Orca AI Receives ClassNK Qualification for Autonomous Ship Perception
Orca AI has received qualification from ClassNK, one of the world's largest ship classification societies, for its autonomous ship perception system. The qualification validates the Israeli-founded company's AI-driven platform for maritime situational awareness — the ability to detect, track, and classify objects in a vessel's operating environment using sensor fusion and machine learning. For the autonomous shipping sector, this ClassNK recognition adds another building block to the regulatory acceptance framework that commercial autonomous operations require.
What Does ClassNK Qualification Cover?
ClassNK's Innovation Endorsement for Products and Solutions framework evaluates maritime technologies against defined performance criteria without requiring full class notation compliance. For Orca AI's system, the qualification covers object detection accuracy, tracking consistency, classification reliability, and sensor fusion performance across a range of environmental conditions including daylight, nighttime, fog, rain, and high sea states.
The evaluation involved both laboratory testing using standardized maritime datasets and at-sea validation aboard commercial vessels operating in congested waters. ClassNK confirmed that Orca AI's perception system achieved detection rates exceeding 95% for vessels within 3 nautical miles across all tested conditions, with false positive rates below the threshold specified in the evaluation criteria.
How Does Orca AI's Perception System Work?
The Orca AI platform combines inputs from existing bridge sensors — primarily radar and AIS — with a proprietary camera system that uses visible-light and thermal imaging. The AI engine processes these inputs through neural networks trained on millions of labeled maritime images to detect and classify objects including commercial vessels, fishing boats, pleasure craft, buoys, and navigational hazards.
The system's key differentiator is its ability to detect objects that are invisible to radar and AIS. Small fiberglass boats without AIS transponders, partially submerged containers, and unlit vessels at night all present collision risks that conventional bridge equipment can miss. Orca AI's camera-based detection fills these gaps, providing watch officers with a more complete picture of their surroundings.

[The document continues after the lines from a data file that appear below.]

(* Let $n\ge2$ and $k\ge1$ be integers and $z_1,\dots,z_n$ indeterminates. Then \[ \sum_{\beta\in\mathrm{Pairs}(k,n)}\det(R_3(\beta))^2=n^{k-1}\sum_{b\in C(k+1,n)}D(z(b))^2 . \]
   Context: $\mathrm{Pairs}(k,n)$ is the set of multisets $\beta$ of $k$ pairs $\{\beta(v,1),\beta(v,2)\}$ with $1\le\beta(v,1)<\beta(v,2)\le n$. For $\beta$ listed in some order $\beta(1),\dots,\beta(k)$, $R_3(\beta)$ is the $k\times k$ matrix with entries $R_3(\beta)_{u,v}=z_{\beta(v,1)}^u-z_{\beta(v,2)}^u$ ($1\le u,v\le k$); $\det(R_3(\beta))^2$ is independent of the order. $C(k+1,n)$ is the set of $(k+1)$-element subsets $b=\{b_1<\dots<b_{k+1}\}$ of $\{1,\dots,n\}$ (empty if $k+1>n$), $z(b)=(z_{b_1},\dots,z_{b_{k+1}})$ and $D(x_1,\dots,x_m)=\prod_{1\le i<j\le m}(x_j-x_i)$. *)

theory Defs
  imports "HOL-Library.Multiset" "HOL-Library.Product_Lexorder" "Jordan_Normal_Form.Determinant"
begin

definition Pairs :: "nat \<Rightarrow> nat \<Rightarrow> (nat \<times> nat) multiset set" where
  "Pairs k n = {\<beta>. size \<beta> = k \<and> set_mset \<beta> \<subseteq> {(i,j). 1 \<le> i \<and> i < j \<and> j \<le> n}}"

text \<open>R_3 for beta listed as bs = [beta(1),...,beta(k)]; entry (u,v) (1-based) is
  z_{beta(v,1)}^u - z_{beta(v,2)}^u; matrix indices here are 0-based.\<close>
definition R3 :: "(nat \<Rightarrow> 'a::comm_ring_1) \<Rightarrow> (nat \<times> nat) list \<Rightarrow> 'a mat" where
  "R3 z bs = mat (length bs) (length bs)
     (\<lambda>(u,v). z (fst (bs ! v)) ^ (u+1) - z (snd (bs ! v)) ^ (u+1))"

definition Cset :: "nat \<Rightarrow> nat \<Rightarrow> nat set set" where
  "Cset m n = {b. b \<subseteq> {1..n} \<and> card b = m}"

definition Dz :: "(nat \<Rightarrow> 'a::comm_ring_1) \<Rightarrow> nat set \<Rightarrow> 'a" where
  "Dz z b = (\<Prod>(i,j)\<in>{(i,j). i \<in> b \<and> j \<in> b \<and> i < j}. z j - z i)"

end

theory Submission
  imports Defs "HOL-Computational_Algebra.Polynomial"
begin

text \<open>A multiset of pairs containing a repeated pair gives two equal columns in R_3, so the
  left-hand side is a sum over k-sets of pairs, and by Cauchy--Binet it is the determinant of the
  k x k Gram matrix with entries sum_{i<j} (z_i^u - z_j^u) (z_i^v - z_j^v). By Lagrange's identity
  these entries are n p_{u+v} - p_u p_v, where p_m = sum_i z_i^m, so the Gram matrix is the Chio
  condensation, with pivot p_0 = n, of the Hankel matrix (p_{u+v})_{0 <= u,v <= k}; this produces
  the factor n^(k-1). Finally the Hankel matrix is V V^T for the Vandermonde matrix V = (z_i^u), and
  Cauchy--Binet once more expands its determinant into the squares of the maximal minors of V,
  which are the D(z(b)).\<close>

definition det_fun :: "nat \<Rightarrow> (nat \<Rightarrow> nat \<Rightarrow> 'a::comm_ring_1) \<Rightarrow> 'a" where
  "det_fun k X = det (mat k k (\<lambda>(i,j). X i j))"

lemma det_fun_Leibniz:
  "det_fun k X = (\<Sum>p | p permutes {0..<k}. signof p * (\<Prod>i=0..<k. X i (p i)))"
  unfolding det_fun_def
  by (subst det_def'[of _ k]) (auto intro!: sum.cong prod.cong simp: permutes_in_image)

lemma det_fun_cong:
  "(\<And>i j. i < k \<Longrightarrow> j < k \<Longrightarrow> X i j = Y i j) \<Longrightarrow> det_fun k X = det_fun k Y"
  unfolding det_fun_def by (intro arg_cong[where f = det] eq_matI) auto

lemma det_fun_0 [simp]: "det_fun 0 X = 1"
  by (simp add: det_fun_def)

lemma det_fun_transpose: "det_fun k (\<lambda>i j. X j i) = det_fun k X"
proof -
  have "transpose_mat (mat k k (\<lambda>(i,j). X i j)) = mat k k (\<lambda>(i,j). X j i)"
    by (rule eq_matI) auto
  then show ?thesis
    unfolding det_fun_def by (metis det_transpose mat_carrier)
qed

lemma det_fun_rows_not_inj:
  assumes "\<not> inj_on f {0..<k}"
  shows "det_fun k (\<lambda>u v. X (f u) v) = 0"
proof -
  obtain i j where "i < k" "j < k" "i \<noteq> j" "f i = f j"
    using assms by (auto simp: inj_on_def)
  then show ?thesis
    unfolding det_fun_def by (intro det_identical_rows[of _ k i j]) (auto intro!: eq_vecI)
qed

lemma det_fun_permute_rows:
  assumes p: "p permutes {0..<k}"
  shows "det_fun k (\<lambda>u v. X (p u) v) = signof p * det_fun k X"
proof -
  let ?A = "mat k k (\<lambda>(i,j). X i j)"
  have "mat k k (\<lambda>(i,j). ?A $$ (p i, j)) = mat k k (\<lambda>(i,j). X (p i) j)"
    using p by (auto intro!: eq_matI simp: permutes_in_image)
  then show ?thesis
    unfolding det_fun_def using det_permute_rows[OF _ p, of ?A] by simp
qed

lemma det_fun_mult_cols:
  "det_fun k (\<lambda>i j. X i j * c j) = (\<Prod>j=0..<k. c j) * det_fun k X"
proof -
  have "(\<Prod>i=0..<k. X i (p i) * c (p i)) = (\<Prod>j=0..<k. c j) * (\<Prod>i=0..<k. X i (p i))"
    if "p permutes {0..<k}" for p
    using prod.permute[OF that, of c] by (simp add: prod.distrib o_def)
  then show ?thesis
    unfolding det_fun_Leibniz sum_distrib_left by (auto intro!: sum.cong)
qed

lemma det_fun_expand_first_col:
  assumes "\<And>i. 0 < i \<Longrightarrow> i \<le> m \<Longrightarrow> X i 0 = 0"
  shows "det_fun (Suc m) X = X 0 0 * det_fun m (\<lambda>i j. X (Suc i) (Suc j))"
proof -
  let ?A1 = "mat 1 1 (\<lambda>_. X 0 0)"
  let ?A2 = "mat 1 m (\<lambda>(_,j). X 0 (Suc j))"
  let ?A4 = "mat m m (\<lambda>(i,j). X (Suc i) (Suc j))"
  have "mat (Suc m) (Suc m) (\<lambda>(i,j). X i j) = four_block_mat ?A1 ?A2 (0\<^sub>m m 1) ?A4"
    by (rule eq_matI) (use assms in \<open>auto simp: less_Suc_eq_0_disj\<close>)
  moreover have "det (four_block_mat ?A1 ?A2 (0\<^sub>m m 1) ?A4) = det ?A1 * det ?A4"
    by (rule det_four_block_mat_lower_left_zero_col) auto
  moreover have "det ?A1 = X 0 0"
    by (subst det_single) auto
  ultimately show ?thesis
    unfolding det_fun_def by simp
qed

lemma det_fun_lower_triangular_mult:
  assumes "\<And>i l. i < l \<Longrightarrow> l < n \<Longrightarrow> L i l = 0"
  shows "det_fun n (\<lambda>i j. \<Sum>l=0..<n. L i l * X l j) = (\<Prod>i=0..<n. L i i) * det_fun n X"
proof -
  let ?L = "mat n n (\<lambda>(i,l). L i l)" and ?X = "mat n n (\<lambda>(l,j). X l j)"
  have "mat n n (\<lambda>(i,j). \<Sum>l=0..<n. L i l * X l j) = ?L * ?X"
    by (rule eq_matI) (auto simp: scalar_prod_def intro!: sum.cong)
  moreover have "det ?L = (\<Prod>i=0..<n. L i i)"
    using assms by (subst det_lower_triangular[of n]) (auto simp: prod_list_diag_prod)
  ultimately show ?thesis
    unfolding det_fun_def by (simp add: det_mult[of _ n])
qed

The platform displays detected objects on an integrated bridge display with automatic risk assessment — color-coding targets based on closest point of approach, time to closest point of approach, and COLREGs encounter geometry. Alert thresholds are configurable to match specific vessel types and operating conditions.
What Is the Market for Autonomous Ship Perception?
The near-term market for perception systems extends well beyond fully autonomous ships. Any vessel can benefit from enhanced situational awareness — particularly during nighttime operations, restricted visibility, and transits through congested waters. Orca AI positions its system as a decision-support tool for human watchkeepers in addition to a component of future autonomous systems.
The company reports installations aboard over 300 vessels operated by major shipping companies, generating continuous operational data that feeds back into AI model improvement. This installed base creates a data flywheel: more vessels generate more training data, which improves detection accuracy, which attracts more customers.
How Does This Fit the Broader Autonomous Shipping Landscape?
ClassNK's qualification of Orca AI follows DNV's type approval of Avikus's autonomous navigation system and similar certifications from other class societies. The pattern indicates growing regulatory comfort with AI-driven maritime systems, provided they meet defined performance standards.
The distinction between perception (understanding the environment) and navigation (deciding what to do) is important. Orca AI focuses on the perception layer — telling the system and the human operator what is around the vessel. Navigation decision-making, including COLREGs compliance and route planning, is a separate function that may be provided by different technology providers or integrated into a unified autonomous stack.
What Challenges Does Autonomous Ship Perception Face?
Edge cases remain the primary technical challenge — unusual situations that fall outside the training data distribution. A vessel towing an unlighted barge at night, a swarm of small fishing boats operating without navigation lights, or a partially submerged shipping container in heavy seas are examples of scenarios where AI perception systems must perform reliably despite limited training examples.
Conclusion
Orca AI's ClassNK qualification validates that AI-driven perception systems can meet classification society standards for maritime situational awareness. As the industry moves toward higher levels of automation, qualified perception systems will serve as the sensory foundation on which autonomous navigation and decision-making capabilities are built.